The What Every New Member Needs To Know (includes a list of common abbreviations) thread will give you some info on how to navigate the site 
click here

If you look on the main forum index you will find location boards. You can find others in your area, and even people going to the same clinic who will provide invaluable advice - some groups even have meet ups.

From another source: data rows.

lemma abs_half_shifted_gap_ge:
  fixes d p s :: real
  assumes d: "1 \<le> \<bar>d\<bar>" and p: "0 < p" and s: "0 < s" "s \<le> p / 2"
  shows "\<bar>d\<bar> * p / 4 \<le> \<bar>(d * p + s) / 2\<bar>"
proof (cases "0 < d")
  case True
  then show ?thesis
    using p s by (simp add: field_simps)
next
  case False
  then have "d * p + s = - (\<bar>d\<bar> * p - s)"
    by simp
  moreover have "p \<le> \<bar>d\<bar> * p"
    using mult_right_mono[OF d, of p] p by simp
  moreover have "0 \<le> \<bar>d\<bar> * p - s"
    using \<open>p \<le> \<bar>d\<bar> * p\<close> s by argo
  ultimately have "\<bar>(d * p + s) / 2\<bar> = (\<bar>d\<bar> * p - s) / 2"
    by simp
  moreover have "\<bar>d\<bar> * p / 4 \<le> (\<bar>d\<bar> * p - s) / 2"
    using \<open>p \<le> \<bar>d\<bar> * p\<close> s by argo
  ultimately show ?thesis
    by simp
qed

lemma sin_half_gap_sq_ge:
  fixes N j k :: nat and s :: real
  defines "M \<equiv> real N + 1"
  assumes jk: "k \<noteq> j" and s: "0 < s" "s \<le> pi / (2 * M)"
    and angles: "0 < real k * pi / M" "real k * pi / M < pi" "0 < real j * pi / M - s" "real j * pi / M - s < pi"
  shows "(real k - real j)\<^sup>2 / (64 * M\<^sup>2) \<le> (sin ((real k * pi / M - (real j * pi / M - s)) / 2))\<^sup>2"
proof -
  define \<delta> where "\<delta> = (real k * pi / M - (real j * pi / M - s)) / 2"
  define d where "d = \<bar>real k - real j\<bar>"
  have M: "0 < M"
    by (simp add: M_def)
  have d: "1 \<le> d"
    using jk unfolding d_def by (cases "k < j") auto
  have "d * (pi / M) / 4 \<le> \<bar>((real k - real j) * (pi / M) + s) / 2\<bar>"
    unfolding d_def using d M s by (intro abs_half_shifted_gap_ge) (auto simp: d_def)
  also have "((real k - real j) * (pi / M) + s) / 2 = \<delta>"
    unfolding \<delta>_def using M by (simp add: field_simps)
  finally have "d * pi / (4 * M) \<le> \<bar>\<delta>\<bar>"
    by simp
  moreover have "\<bar>\<delta>\<bar> \<le> pi / 2"
    using angles unfolding \<delta>_def by (simp add: abs_le_iff)
  ultimately have "d * pi / (16 * M) \<le> sin \<bar>\<delta>\<bar>"
    using sin_ge_quarter[of "\<bar>\<delta>\<bar>"] by simp
  moreover have "d / (8 * M) \<le> d * pi / (16 * M)"
    using d M pi_ge_two by (simp add: field_simps)
  ultimately have "d / (8 * M) \<le> sin \<bar>\<delta>\<bar>"
    by linarith
  moreover have "0 \<le> d / (8 * M)"
    using d M by simp
  ultimately have "(d / (8 * M))\<^sup>2 \<le> (sin \<bar>\<delta>\<bar>)\<^sup>2"
    by (intro power_mono)
  also have "(sin \<bar>\<delta>\<bar>)\<^sup>2 = (sin \<delta>)\<^sup>2"
    by (cases "0 \<le> \<delta>") auto
  finally show ?thesis
    unfolding \<delta>_def[symmetric] d_def by (simp add: power_divide power_mult_distrib)
qed

lemma vD_1_sq_mult_le:
  fixes N j k :: nat and \<phi> :: real
  defines "M \<equiv> real N + 1"
  assumes j: "j \<in> {1..N}" and k: "k \<in> {1..N}" and sin_\<phi>: "sin (real j * pi / M) / 2 \<le> sin \<phi>"
  shows "(vD N j 1)\<^sup>2 * (vD N k 1)\<^sup>2 \<le> 16 * (sin ((\<phi> + real k * pi / M) / 2))\<^sup>2 / M\<^sup>2"
proof -
  define \<theta> where "\<theta> = real j * pi / M"
  define \<theta>\<^sub>k where "\<theta>\<^sub>k = real k * pi / M"
  define \<sigma> where "\<sigma> = (\<phi> + \<theta>\<^sub>k) / 2"
  have M: "0 < M"
    by (simp add: M_def)
  have sin_j: "0 < sin \<theta>" and sin_k: "0 < sin \<theta>\<^sub>k"
    using sin_angle_pos[OF j] sin_angle_pos[OF k] unfolding \<theta>_def \<theta>\<^sub>k_def M_def by auto
  have "sin \<theta> * sin \<theta>\<^sub>k \<le> 2 * (sin \<phi> * sin \<theta>\<^sub>k)"
    using mult_right_mono[OF sin_\<phi>, of "sin \<theta>\<^sub>k"] sin_k unfolding \<theta>_def by simp
  also have "\<dots> \<le> 2 * (sin \<sigma>)\<^sup>2"
    unfolding \<sigma>_def using sin_mult_sin_le by simp
  finally have "(sin \<theta> * sin \<theta>\<^sub>k)\<^sup>2 \<le> (2 * (sin \<sigma>)\<^sup>2)\<^sup>2"
    using sin_j sin_k by (intro power_mono) auto
  also have "\<dots> = 4 * (sin \<sigma>)\<^sup>2 * (sin \<sigma>)\<^sup>2"
    by (simp add: power2_eq_square)
  also have "\<dots> \<le> 4 * (sin \<sigma>)\<^sup>2 * 1"
    by (intro mult_left_mono) (auto simp: abs_square_le_1)
  finally show ?thesis
    unfolding vD_1_sq_eq M_def[symmetric] \<theta>_def[symmetric] \<theta>\<^sub>k_def[symmetric] \<sigma>_def[symmetric] using M
    by (simp add: field_simps power2_eq_square)
qed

We have a live chat room where you can meet other members, take part in themed chat events and gain a wealth of information from people who are or have been dealing with infertilty. New member chat is at 8pm on Wednesday, where we can introduce you to other members, show you around the chat room and help with any queries you may have both in the chat room and on the boards. Please take a look at the calendar and of course our Chat Zone: click here

Please feel free to ask more questions here, or on any other part of the site, there will be wonderful helpful people there to give you lots of support and information. 
Best of luck! 
 
Pinkcat


----------



## vickix (Nov 6, 2011)

Hi Pinkcat

Thank You so much for your message it was very helpfull I am going to try out the
diary aswelll 

x


----------



## Guest (Nov 6, 2011)

Hiya Vickix

Welcome to fertility friends...How are you finding the injections? I too am about to start my first cycle of ivf...af due in about 6 days time so just awaiting that until i can get going.

Nat xxx


----------



## vickix (Nov 6, 2011)

Hi Natalie

I am finding them fine really no pain at all glad its so easy I'm quite a skinny little thing theres not a lot to me so
I was really worried about the injections. What injections are you on? Where are you from?

Vick xxx

Vicki Smith 22 f Glasgow + DP Chris 26
Attending ACS @ GRI
Semen perfect & Ovulating ok
HSG - 1 tube removed and other badly scarred
Started treatment on the  18/10/11 started taking metformin once daily then twice daily from the 25/10/11 and continue with injections!!          Started menopur injections for 2days on the 5/11/11 am then pm and then only continue with menopur
till 11/11/11 only in the am from the 7/11/11 and also begin cetrotide on the 7th till the 11/11/11 attend
ACS on Friday the 11/11/11 for scan and blood

p.s I dont know how to attach this to my profile yet  x


----------



## Sulli_C (Mar 24, 2011)

Natalie

I was just reading there that you have hydro in both tubes but have decided to proceed with a first go at ivf. I am the same - the only difference with me is that my consultant has advised against getting my tubes removed as she says there are other complications that can arise from this. But reading some of the other comments from people in the same position makes me feel like I am on a fast track to nowhere by going down this route. I'd be really interested to hear more about what you were told.


----------



## Guest (Nov 6, 2011)

Hiya Ladies

Vickix - Oh that's good to know then x I am due to take Buserelin injections on the 12th x I am originally from Manchester but i live in Kent now xxxx 

Sulli_C - Hiya, I have heard so many different conflicting comments with regards to hydros. I was told by one consultant that my tubes were badly damaged and the hydros were severe and they recommended that i have them removed before carrying on with ivf. The second consultant said they think i should  sort my tubes before ivf however they said that they would not remove them as they thought that was drastic and that clipping them was the way to go...they also mentioned that they may be able to drain them and make a new tube!?. we decided that we had to give ivf a go with them...if all the cycles failed i may look back and wonder what if it might of happened with them. I also asked could ivf work with hydros and was told it could and had with lots of women of all ages and if it doesn't work for us then we will sit back down with the consultant and discuss the clipping or new tube in more depth.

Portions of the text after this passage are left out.